theorem lemma1:
  fixes n d :: nat
    and \<alpha> :: "nat \<Rightarrow> real"
    and w :: "nat \<Rightarrow> nat \<Rightarrow> complex"
    and v :: "nat \<Rightarrow> (nat \<Rightarrow> nat) \<Rightarrow> complex"
    and \<psi> :: "(nat \<Rightarrow> nat) \<Rightarrow> complex"
    and S :: "nat set"
    and P :: "(nat \<Rightarrow> nat) \<Rightarrow> (nat \<Rightarrow> nat) \<Rightarrow> complex"
  assumes n2: "n \<ge> 2"
    and unit: "(\<Sum>x\<in>configs {..<n} d. (cmod (\<psi> x))\<^sup>2) = 1"
    and alpha_nonneg: "\<forall>i<d. \<alpha> i \<ge> 0"
    and w_on: "orthonormal_fam d {..<d} w"
    and v_on: "orthonormal_fam d (configs {..<n-1} d) v"
    and schmidt: "\<forall>x\<in>configs {..<n} d.
        \<psi> x = (\<Sum>i<d. complex_of_real (\<alpha> i) * w i (x 0) * v i (tail_cfg x))"
    and S_sub: "S \<subseteq> {..<n}"
    and proj: "is_projector (configs S d) P"
  defines "\<rho> \<equiv> (\<lambda>x y. \<Sum>i<d. complex_of_real ((\<alpha> i)\<^sup>2) *
        (w i (x 0) * cnj (w i (y 0))) * (v i (tail_cfg x) * cnj (v i (tail_cfg y))))"
    and "\<Pi> \<equiv> embed_op n S P"
    and "N \<equiv> configs {..<n} d"
  shows "(0 \<in> S \<and> S \<inter> {1..<n} \<noteq> {} \<longrightarrow>
            mtrace N (mmult N \<Pi> \<rho>) \<ge> mtrace N (mmult N \<Pi> (outer \<psi> \<psi>)) / of_nat d)
       \<and> (\<not> (0 \<in> S \<and> S \<inter> {1..<n} \<noteq> {}) \<longrightarrow>
            mtrace N (mmult N \<Pi> \<rho>) = mtrace N (mmult N \<Pi> (outer \<psi> \<psi>)))"
proof -
  define \<phi> where "\<phi> = (\<lambda>i. tensor_vec (w i) (v i))"
  define g where "g = (\<lambda>x. \<Sum>i<d. complex_of_real (\<alpha> i) * \<phi> i x)"
  have finN: "finite N"
    unfolding N_def by (simp add: finite_configs)
  have proj_\<Pi>: "is_projector N \<Pi>"
    unfolding N_def \<Pi>_def using S_sub proj by (rule is_projector_embed_op)
  have tr_\<psi>: "mtrace N (mmult N \<Pi> (outer \<psi> \<psi>)) = sesq_form N \<Pi> g g"
    unfolding mtrace_mmult_outer using schmidt
    by (intro sesq_form_cong) (simp_all add: N_def g_def \<phi>_def tensor_vec_def mult.assoc)
  have "\<rho> = (\<lambda>x y. \<Sum>i<d. complex_of_real ((\<alpha> i)\<^sup>2) * (\<phi> i x * cnj (\<phi> i y)))"
    unfolding \<rho>_def \<phi>_def tensor_vec_def by (simp add: mult_ac)
  hence tr_\<rho>: "mtrace N (mmult N \<Pi> \<rho>) = (\<Sum>i<d. complex_of_real ((\<alpha> i)\<^sup>2) * sesq_form N \<Pi> (\<phi> i) (\<phi> i))"
    by (simp add: mtrace_mmult_sum_outer)
  show ?thesis
  proof (intro conjI impI)
    have "sesq_form N \<Pi> g g \<le> of_nat d * mtrace N (mmult N \<Pi> \<rho>)"
      using sesq_form_projector_sum_le[OF proj_\<Pi> finN, where K = "{..<d}" and c = "\<lambda>i. of_real (\<alpha> i)" and f = \<phi>]
      by (simp add: g_def tr_\<rho>)
    thus "mtrace N (mmult N \<Pi> (outer \<psi> \<psi>)) / of_nat d \<le> mtrace N (mmult N \<Pi> \<rho>)"
      unfolding tr_\<psi> by (cases "d = 0") (simp_all add: tr_\<rho> divide_of_nat_le_complex)
  next
    assume "\<not> (0 \<in> S \<and> S \<inter> {1..<n} \<noteq> {})"
    with S_sub have "0 \<notin> S \<or> S \<subseteq> {0}"
      by (auto simp: disjoint_iff) (metis Suc_leI atLeastLessThan_iff lessThan_iff not_gr0 subsetD)
    hence "sesq_form N \<Pi> (\<phi> i) (\<phi> j) = 0" if "i < d" "j < d" "i \<noteq> j" for i j
      unfolding N_def \<Pi>_def \<phi>_def using n2 w_on v_on that
      by (intro sesq_form_embed_op_tensor_vec_orthogonal) simp_all
    hence "sesq_form N \<Pi> g g = (\<Sum>i<d. complex_of_real ((\<alpha> i)\<^sup>2) * sesq_form N \<Pi> (\<phi> i) (\<phi> i))"
      unfolding g_def sesq_form_sum by (subst sum_sum_eq_diagonal) (simp_all add: power2_eq_square)
    thus "mtrace N (mmult N \<Pi> \<rho>) = mtrace N (mmult N \<Pi> (outer \<psi> \<psi>))"
      using tr_\<psi> tr_\<rho> by simp
  qed
qed

end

* **Task statement**
Print exactly the lines above from the one with "(w i (x 0) * cnj" to the one with "define \<phi> where", including both.

* **Result for this task**
        (w i (x 0) * cnj (w i (y 0))) * (v i (tail_cfg x) * cnj (v i (tail_cfg y))))"
    and "\<Pi> \<equiv> embed_op n S P"
    and "N \<equiv> configs {..<n} d"
  shows "(0 \<in> S \<and> S \<inter> {1..<n} \<noteq> {} \<longrightarrow>
            mtrace N (mmult N \<Pi> \<rho>) \<ge> mtrace N (mmult N \<Pi> (outer \<psi> \<psi>)) / of_nat d)
       \<and> (\<not> (0 \<in> S \<and> S \<inter> {1..<n} \<noteq> {}) \<longrightarrow>
            mtrace N (mmult N \<Pi> \<rho>) = mtrace N (mmult N \<Pi> (outer \<psi> \<psi>)))"
proof -
  define \<phi> where "\<phi> = (\<lambda>i. tensor_vec (w i) (v i))"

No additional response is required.